Re: The NHS is heading down a hole—should we stop digging?
7 February 2012
In an earlier response to this article, Dr Mathews was absolutely right to highlight the importance of health care rationing to this debate.
I would disagree that the reforms are primarily about rationing however.
Initially, it was claimed we needed reform to reverse the UK’s flagging health outcomes. Enthusiasm for this argument has waned as government claims of poor patient satisfaction, cancer outcomes, and heart disease, have each been shown to be spectacularly false.[1,2,3]
Increasingly, cost-efficiency has been cited as a key objective but this has been contradicted by government action. For example, one of their first initiatives was to create a £50m fund for cancer drugs deemed not cost-effective by NICE, despite the fact this system produces amongst the best, most equitable and most cost-effective outcomes for cancer of all OECD countries.[2] And just recently we learned three tiers of management are to be replaced with five [4] – hardly a stride towards cutting bureaucracy costs.

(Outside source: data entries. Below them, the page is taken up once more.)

theorem bipartite_supply_demand:
  assumes "finite X" "finite Y"
    and "\<forall>J\<subseteq>X. sum a J \<le> cut_capacity Y c b J"
  obtains h where "\<forall>x y. h x y \<le> c x y" "\<forall>x\<in>X. (\<Sum>y\<in>Y. h x y) = a x"
    "\<forall>y\<in>Y. (\<Sum>x\<in>X. h x y) \<le> b y"
proof -
  have exists: "\<exists>h. (\<forall>x y. h x y \<le> c x y) \<and> (\<forall>x\<in>X. (\<Sum>y\<in>Y. h x y) = a x)
      \<and> (\<forall>y\<in>Y. (\<Sum>x\<in>X. h x y) \<le> b y)"
    if "sum a X = s" "\<forall>J\<subseteq>X. sum a J \<le> cut_capacity Y c b J" for s a b c
    using that
  proof (induction s arbitrary: a b c)
    case 0
    then show ?case using \<open>finite X\<close> by (intro exI[of _ "\<lambda>x y. 0"]) auto
  next
    case (Suc s)
    obtain x0 where x0: "x0 \<in> X" "0 < a x0"
      using sum_SucD[OF Suc.prems(1)] by blast
    obtain y0 where y0: "y0 \<in> Y" "0 < c x0 y0" "0 < b y0"
      "\<forall>J\<subseteq>X - {x0}. sum a J = cut_capacity Y c b J \<longrightarrow> (\<Sum>x\<in>J. c x y0) < b y0"
      using exists_unsaturated_neighbour[OF assms(1) Suc.prems(2) x0] .
    have "sum (a(x0 := a x0 - 1)) X = s"
      using Suc.prems(1) x0 \<open>finite X\<close> by (simp add: sum.remove)
    then obtain h where h: "\<forall>x y. h x y \<le> (c(x0 := (c x0)(y0 := c x0 y0 - 1))) x y"
      "\<forall>x\<in>X. (\<Sum>y\<in>Y. h x y) = (a(x0 := a x0 - 1)) x"
      "\<forall>y\<in>Y. (\<Sum>x\<in>X. h x y) \<le> (b(y0 := b y0 - 1)) y"
      using Suc.IH hall_condition_decrement[OF assms(1,2) Suc.prems(2) x0 y0] by blast
    define h' where "h' x y = h x y + of_bool (x = x0 \<and> y = y0)" for x y
    have "h' x y \<le> c x y" for x y
      using h(1) y0(2) unfolding h'_def by (auto split: if_splits simp: le_diff_conv2)
    moreover have "(\<Sum>y\<in>Y. h' x y) = a x" if "x \<in> X" for x
      using h(2) that x0 y0(1) \<open>finite Y\<close> unfolding h'_def by (auto simp: sum.distrib)
    moreover have "(\<Sum>x\<in>X. h' x y) \<le> b y" if "y \<in> Y" for y
      using h(3) that x0(1) y0(3) \<open>finite X\<close> unfolding h'_def
      by (cases "y = y0") (auto simp: sum.distrib)
    ultimately show ?case by (intro exI[of _ h']) blast
  qed
  show ?thesis using exists[OF refl assms(3)] that by blast
qed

Rather than being about rationing, these reforms are about blindly pursuing neoliberal, free-market policies. They are an expensive, unnecessary distraction from the essential task of rationing health care in the face of increasingly limited resources. Although markets may occasionally improve quality and micro-efficiency, they cannot be relied upon for the strategic planning needed to ration care equitably and efficiently.
Attention should be directed towards addressing health service inefficiencies imbedded in customs, rules, professional values and institutional structures.[5] For example, some of the greatest improvements under Labour came from centrally determined waiting-time targets [6], the NSF for heart disease [7], and the NHS Cancer Plan.[2] Such reforms avoid the administrative costs associated with shoehorning health services into a market model – costs which have risen from 6% to over 14% of the NHS budget since market experiments began in 1990.[8,9]
This week Mr Lansley argued his reforms did not amount to privatisation of the NHS.[10] It is important to be clear however that it is not just the privatisation, but the extensive marketisation mandated by his reforms, that threatens to destroy the NHS as we know it.
1.Appleby J & Robertson R. A healthy improvement? Satisfaction with the NHS under Labour. In: Park A, Phillips M, Clery E, Curtice J, eds. British Social Attitudes Survey 2010-2011: Exploring Labour’s legacy—the 27th report. Sage, 2010.
2.Pritchard C & Hickish T. Comparing cancer mort and GDP health expenditure in England and Wales with other major developed countries from 1979-2006. British Journal of Cancer. 2011;105;1788-94.
3.Appleby J. Does poor health justify NHS reform? BMJ. 2011;342;310-11.
4.URL: http://www.guardian.co.uk/politics/wintour-and-watt/2012/jan/27/andrewla... [Accessed 7th Feb 2012]
5.Light D. Effectiveness and efficiency under competition: the Cochrane test. BMJ. 1991:303;1253-4.
6.Brereton L & Vasoodaven V (2010). The Impact of the NHS Market: An Overview of the Literature. CIVITAS, London.
7.Smolina K, Wright F, Rayner M & Goldacre M. Determinants of the decline in mortality from acute MI in England between 2002 and 2010: linked national database study. BMJ. 2012:344;d8059.
8.Pollock A. NHS PLC: The privatisation of our health care. Verso: London. 2004.
9.URL: http://www.guardian.co.uk/society/2010/mar/30/nhs-management-costs-spending [Accessed 7th Feb 2012]
10.Lansley A. Why legislation is necessary for my health reforms. BMJ. 2012. 344;e789.